_What is expected_
Copy all lines in the data that contain the string "open".

-=-=-=-=-

lemma sinh_shift_diff_ne_0:
  assumes "a \<in> {1..m}" "b \<in> {1..m}"
  shows "a \<noteq> b \<Longrightarrow> sinh (shift_plus \<zeta> s lam a - shift_minus \<zeta> s lam b) \<noteq> 0"
    and "a \<noteq> b \<Longrightarrow> sinh (shift_minus \<zeta> s lam a - shift_minus \<zeta> s lam b) \<noteq> 0"
    and "sinh (shift_minus \<zeta> s lam a - xi b) \<noteq> 0"
  using generic_ll[OF assms] shift_differences[of \<zeta> s lam a b] generic_lx[OF assms]
    sinh_shift_product[of lam a "xi b" \<zeta> s]
  by auto

lemma prod_index_pairs_sinh_ne_0:
  "(\<Prod>(k, j)\<in>index_pairs m. sinh (lam j - lam k) * sinh (xi k - xi j)) \<noteq> 0"
  unfolding prod_zero_iff[OF finite_index_pairs]
  using generic_ll generic_xx by (auto simp: index_pairs_def)

lemma cross_vandermonde_Pfac_shift:
  "cross_prod (\<lambda>u v. sinh (u - v)) m (shift_plus \<zeta> s lam) (shift_minus \<zeta> s lam) *
      vandermonde (\<lambda>u v. sinh (u - v)) m xi * Pfac \<zeta> s m lam =
    (\<Prod>(k, j)\<in>index_pairs m. sinh (lam j - lam k) * sinh (xi k - xi j))"
  by (rule cross_vandermonde_Pfac) (use sinh_shift_diff_ne_0 in auto)

lemma Pfac_ne_0: "Pfac \<zeta> s m lam \<noteq> 0"
  using cross_vandermonde_Pfac_shift prod_index_pairs_sinh_ne_0 by auto

lemma Gsum_div_Pfac:
  "Gsum (\<lambda>u v. sinh (u - v)) m (shift_plus \<zeta> s lam) (shift_minus \<zeta> s lam) xi / Pfac \<zeta> s m lam =
   Zsum (\<lambda>u v. sinh (u - v)) m (shift_plus \<zeta> s lam) (shift_minus \<zeta> s lam) xi /
   (\<Prod>(k, j)\<in>index_pairs m. sinh (lam j - lam k) * sinh (xi k - xi j))"
proof -
  let ?sh = "\<lambda>u v. sinh (u - v)" and ?U = "shift_plus \<zeta> s lam" and ?W = "shift_minus \<zeta> s lam"
  let ?CV = "cross_prod ?sh m ?U ?W * vandermonde ?sh m xi"
  have identity: "Gsum ?sh m ?U ?W xi * ?CV = Zsum ?sh m ?U ?W xi"
    using Gsum_cross_vandermonde_sinh[of m ?U ?W xi] sinh_shift_diff_ne_0 generic_xx
    by (simp add: mult.assoc)
  have "?CV \<noteq> 0"
    using cross_vandermonde_Pfac_shift prod_index_pairs_sinh_ne_0 by auto
  then have "Gsum ?sh m ?U ?W xi / Pfac \<zeta> s m lam = (Gsum ?sh m ?U ?W xi * ?CV) / (?CV * Pfac \<zeta> s m lam)"
    by simp
  then show ?thesis
    unfolding identity cross_vandermonde_Pfac_shift .
qed

end

theorem mainTheorem4:
  fixes \<zeta> :: real and m s :: nat and lam xi :: "nat \<Rightarrow> complex"
  assumes "0 < \<zeta>" and "\<zeta> < pi"
    and "1 \<le> m" and "s \<le> m"
    and generic_ll: "\<And>a b. a \<in> {1..m} \<Longrightarrow> b \<in> {1..m} \<Longrightarrow> a \<noteq> b \<Longrightarrow>
            sinh (lam a - lam b) \<noteq> 0 \<and> sinh (lam a - lam b + \<i> * of_real \<zeta>) \<noteq> 0
            \<and> sinh (lam a - lam b - \<i> * of_real \<zeta>) \<noteq> 0"
    and generic_xx: "\<And>a b. a \<in> {1..m} \<Longrightarrow> b \<in> {1..m} \<Longrightarrow> a \<noteq> b \<Longrightarrow> sinh (xi a - xi b) \<noteq> 0"
    and generic_lx: "\<And>a b. a \<in> {1..m} \<Longrightarrow> b \<in> {1..m} \<Longrightarrow>
            sinh (lam a - xi b + \<i> * of_real \<zeta> / 2) \<noteq> 0 \<and> sinh (lam a - xi b - \<i> * of_real \<zeta> / 2) \<noteq> 0"
  shows "Gtilde \<zeta> s m lam xi = Z \<zeta> m lam xi / (of_real (sin \<zeta>)) ^ m
       \<and> G \<zeta> s m lam xi = Theta \<zeta> s m lam * Z \<zeta> m lam xi /
            (of_nat (fact s * fact (m - s)) * (of_real (sin \<zeta>)) ^ m)"
proof -
  have sin_pow: "of_real (sin \<zeta>) ^ m \<noteq> (0::complex)"
    using sin_gt_zero[OF assms(1,2)] by simp
  have cancel: "a / q = c * a / q / c" if "c \<noteq> (0::complex)" for a q c
    using that by simp
  have "Gtilde \<zeta> s m lam xi =
      Gsum (\<lambda>u v. sinh (u - v)) m (shift_plus \<zeta> s lam) (shift_minus \<zeta> s lam) xi / Pfac \<zeta> s m lam"
    unfolding Gtilde_def G_eq_Gsum ..
  also have "\<dots> = Zsum (\<lambda>u v. sinh (u - v)) m (shift_plus \<zeta> s lam) (shift_minus \<zeta> s lam) xi /
      (\<Prod>(k, j)\<in>index_pairs m. sinh (lam j - lam k) * sinh (xi k - xi j))"
    by (rule Gsum_div_Pfac) fact+
  also have "\<dots> = Z \<zeta> m lam xi / of_real (sin \<zeta>) ^ m"
    by (subst Z_eq_Zsum[where s = s]) (fact | rule cancel[OF sin_pow])+
  finally have Gtilde: "Gtilde \<zeta> s m lam xi = Z \<zeta> m lam xi / of_real (sin \<zeta>) ^ m" .
  have "Pfac \<zeta> s m lam \<noteq> 0"
    by (rule Pfac_ne_0) fact+
  with Gtilde sin_pow have "G \<zeta> s m lam xi = Theta \<zeta> s m lam * Z \<zeta> m lam xi /
      (of_nat (fact s * fact (m - s)) * of_real (sin \<zeta>) ^ m)"
    unfolding Gtilde_def Pfac_eq_Theta[OF \<open>s \<le> m\<close>] by (simp add: field_simps)
  with Gtilde show ?thesis ..
qed

end
(* Let $h=(I,E)$ be a hypergraph with $|I|=d$, and let $\chi_d(h)$ be the polynomial which agrees, for $m\in\mathbb{Z}_{>0}$, with the number of proper colorings of $h$ with $m$ colors. Then for every $m\in\mathbb{Z}_{>0}$, $$(-1)^d\chi_d(h)(-m)=\#\{(\varsigma,c):\ \varsigma\text{ an acyclic heading of }h,\ c:I\to[m]\text{ a coloring compatible with }\varsigma\}.$$ In particular, the number of acyclic headings of $h$ equals $(-1)^d\chi_d(h)(-1)$.
   Context: A hypergraph $h=(I,E)$ consists of a finite set $I$ of nodes and a finite multiset $E$ of nonempty subsets of $I$ (hyperedges). A coloring with $m$ colors is any map $c:I\to[m]=\{1,\dots,m\}$ (not necessarily proper); it is proper if every hyperedge $e$ contains exactly one node $i$ with $c(i)=\max_{j\in e}c(j)$. A heading is a map $\varsigma:E\to I$ with $\varsigma(e)\in e$ for every $e$. An oriented cycle in $\varsigma$ is a sequence of hyperedges $e_1,\dots,e_\ell$ with $\varsigma(e_j)\in e_{j+1}\setminus\{\varsigma(e_{j+1})\}$ for all $j$, indices modulo $\ell$; $\varsigma$ is acyclic if it has no oriented cycle. A coloring $c$ and a heading $\varsigma$ are compatible if $c(\varsigma(e))=\max_{j\in e}c(j)$ for every $e\in E$. *)

theory Defs
  imports Main "HOL-Library.FuncSet" "HOL-Computational_Algebra.Polynomial"
begin

text \<open>A hypergraph is given by a finite node set I, a finite index set Ed of
  hyperedge occurrences (so that E is a multiset) and a map edge assigning to each
  index its hyperedge, a nonempty subset of I.\<close>

definition hypergraph :: "'a set \<Rightarrow> 'e set \<Rightarrow> ('e \<Rightarrow> 'a set) \<Rightarrow> bool" where
  "hypergraph I Ed edge \<longleftrightarrow> finite I \<and> finite Ed \<and>
     (\<forall>k\<in>Ed. edge k \<noteq> {} \<and> edge k \<subseteq> I)"

definition colorings :: "'a set \<Rightarrow> nat \<Rightarrow> ('a \<Rightarrow> nat) set" where
  "colorings I m = I \<rightarrow>\<^sub>E {1..m}"

definition proper :: "'e set \<Rightarrow> ('e \<Rightarrow> 'a set) \<Rightarrow> ('a \<Rightarrow> nat) \<Rightarrow> bool" where
  "proper Ed edge c \<longleftrightarrow> (\<forall>k\<in>Ed. \<exists>!i. i \<in> edge k \<and> c i = Max (c ` edge k))"

definition proper_colorings :: "'a set \<Rightarrow> 'e set \<Rightarrow> ('e \<Rightarrow> 'a set) \<Rightarrow> nat \<Rightarrow> ('a \<Rightarrow> nat) set" where
  "proper_colorings I Ed edge m = {c \<in> colorings I m. proper Ed edge c}"

definition headings :: "'e set \<Rightarrow> ('e \<Rightarrow> 'a set) \<Rightarrow> ('e \<Rightarrow> 'a) set" where
  "headings Ed edge = Pi\<^sub>E Ed edge"

definition oriented_cycle :: "'e set \<Rightarrow> ('e \<Rightarrow> 'a set) \<Rightarrow> ('e \<Rightarrow> 'a) \<Rightarrow> nat \<Rightarrow> (nat \<Rightarrow> 'e) \<Rightarrow> bool" where
  "oriented_cycle Ed edge s l f \<longleftrightarrow> l \<ge> 1 \<and> (\<forall>j<l. f j \<in> Ed) \<and>
     (\<forall>j<l. s (f j) \<in> edge (f (Suc j mod l)) - {s (f (Suc j mod l))})"

definition acyclic_heading :: "'e set \<Rightarrow> ('e \<Rightarrow> 'a set) \<Rightarrow> ('e \<Rightarrow> 'a) \<Rightarrow> bool" where
  "acyclic_heading Ed edge s \<longleftrightarrow> s \<in> headings Ed edge \<and> \<not> (\<exists>l f. oriented_cycle Ed edge s l f)"

definition acyclic_headings :: "'e set \<Rightarrow> ('e \<Rightarrow> 'a set) \<Rightarrow> ('e \<Rightarrow> 'a) set" where
  "acyclic_headings Ed edge = {s. acyclic_heading Ed edge s}"

definition compatible :: "'e set \<Rightarrow> ('e \<Rightarrow> 'a set) \<Rightarrow> ('a \<Rightarrow> nat) \<Rightarrow> ('e \<Rightarrow> 'a) \<Rightarrow> bool" where
  "compatible Ed edge c s \<longleftrightarrow> (\<forall>k\<in>Ed. c (s k) = Max (c ` edge k))"

definition compatible_pairs :: "'a set \<Rightarrow> 'e set \<Rightarrow> ('e \<Rightarrow> 'a set) \<Rightarrow> nat \<Rightarrow> (('e \<Rightarrow> 'a) \<times> ('a \<Rightarrow> nat)) set" where
  "compatible_pairs I Ed edge m =
     {(s, c). s \<in> acyclic_headings Ed edge \<and> c \<in> colorings I m \<and> compatible Ed edge c s}"

end

theory Submission
  imports Defs
begin

text \<open>
  Write f(I, m) for the number of proper colorings and g(I, m) for the number of compatible
  pairs of an acyclic heading and a coloring with m colors. Splitting off the set S of nodes
  of the top color m + 1 gives f(I, m + 1) as the sum of f(I - S, m) over the strongly
  independent sets S (no hyperedge contains two nodes of S), so f(I, -) is a polynomial by
  induction on |I|. Dually, g(I, m) is the sum of (-1)^|S| g(I - S, m + 1): painting S in the
  top color and heading every hyperedge that meets S at its node in S turns a pair on I - S
  into a pair (\<sigma>, c) on I with m + 1 colors together with a set S of top-colored sinks of
  \<sigma>; the alternating sum over S leaves exactly the pairs without such a sink, and by
  acyclicity these are the pairs using only m colors. The two recurrences then give
  (-1)^|I| f(I, -m) = g(I, m) by induction on |I| and on m.
\<close>

section \<open>Polynomials with prescribed differences\<close>

lemma poly_antidifference:
  fixes P :: "'a::field_char_0 poly"
  shows "\<exists>R. \<forall>x. poly R (x + 1) - poly R x = poly P x"
proof (induction "degree P" arbitrary: P rule: less_induct)
  case less
  show ?case
  proof (cases "degree P = 0")
    case True
    then obtain c where "P = [:c:]" by (metis degree_eq_zeroE)
    then show ?thesis by (intro exI[of _ "[:0, c:]"]) (simp add: algebra_simps)
  next
    case False
    define n where "n = degree P"
    define a where "a = lead_coeff P / of_nat (Suc n)"
    define D where "D = (\<Sum>k\<le>n. monom (a * of_nat (Suc n choose k)) k)"
    \<comment> \<open>subtracting the difference D of a x^(n+1) cancels the leading term of P\<close>
    have diff_monom: "poly (monom a (Suc n)) (x + 1) - poly (monom a (Suc n)) x = poly D x" for x
    proof -
      have "(x + 1) ^ Suc n = (\<Sum>k\<le>Suc n. of_nat (Suc n choose k) * x ^ k)"
        using binomial_ring[of x 1 "Suc n"] by simp
      then have "(x + 1) ^ Suc n - x ^ Suc n = (\<Sum>k\<le>n. of_nat (Suc n choose k) * x ^ k)"
        by simp
      then show ?thesis
        by (simp add: D_def poly_monom poly_sum sum_distrib_left mult.assoc
            flip: right_diff_distrib)
    qed
    have "coeff D n = lead_coeff P"
      by (simp add: D_def coeff_sum coeff_monom a_def n_def del: of_nat_Suc)
    moreover have "degree D \<le> n"
      unfolding D_def by (rule degree_sum_le) (auto intro: order.trans[OF degree_monom_le])
    ultimately have "degree (P - D) < degree P"
      using False by (intro degree_lessI) (auto simp: n_def le_less coeff_eq_0)
    then obtain R where "\<forall>x. poly R (x + 1) - poly R x = poly (P - D) x"
      using less by blast
    then show ?thesis
      using diff_monom by (intro exI[of _ "R + monom a (Suc n)"]) (auto simp: algebra_simps)
  qed
qed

-=-=-=-=-

_Written response_
    unfolding Gtilde_def Pfac_eq_Theta[OF \<open>s \<le> m\<close>] by (simp add: field_simps)
text \<open>A hypergraph is given by a finite node set I, a finite index set Ed of
text \<open>
section \<open>Polynomials with prescribed differences\<close>
    \<comment> \<open>subtracting the difference D of a x^(n+1) cancels the leading term of P\<close>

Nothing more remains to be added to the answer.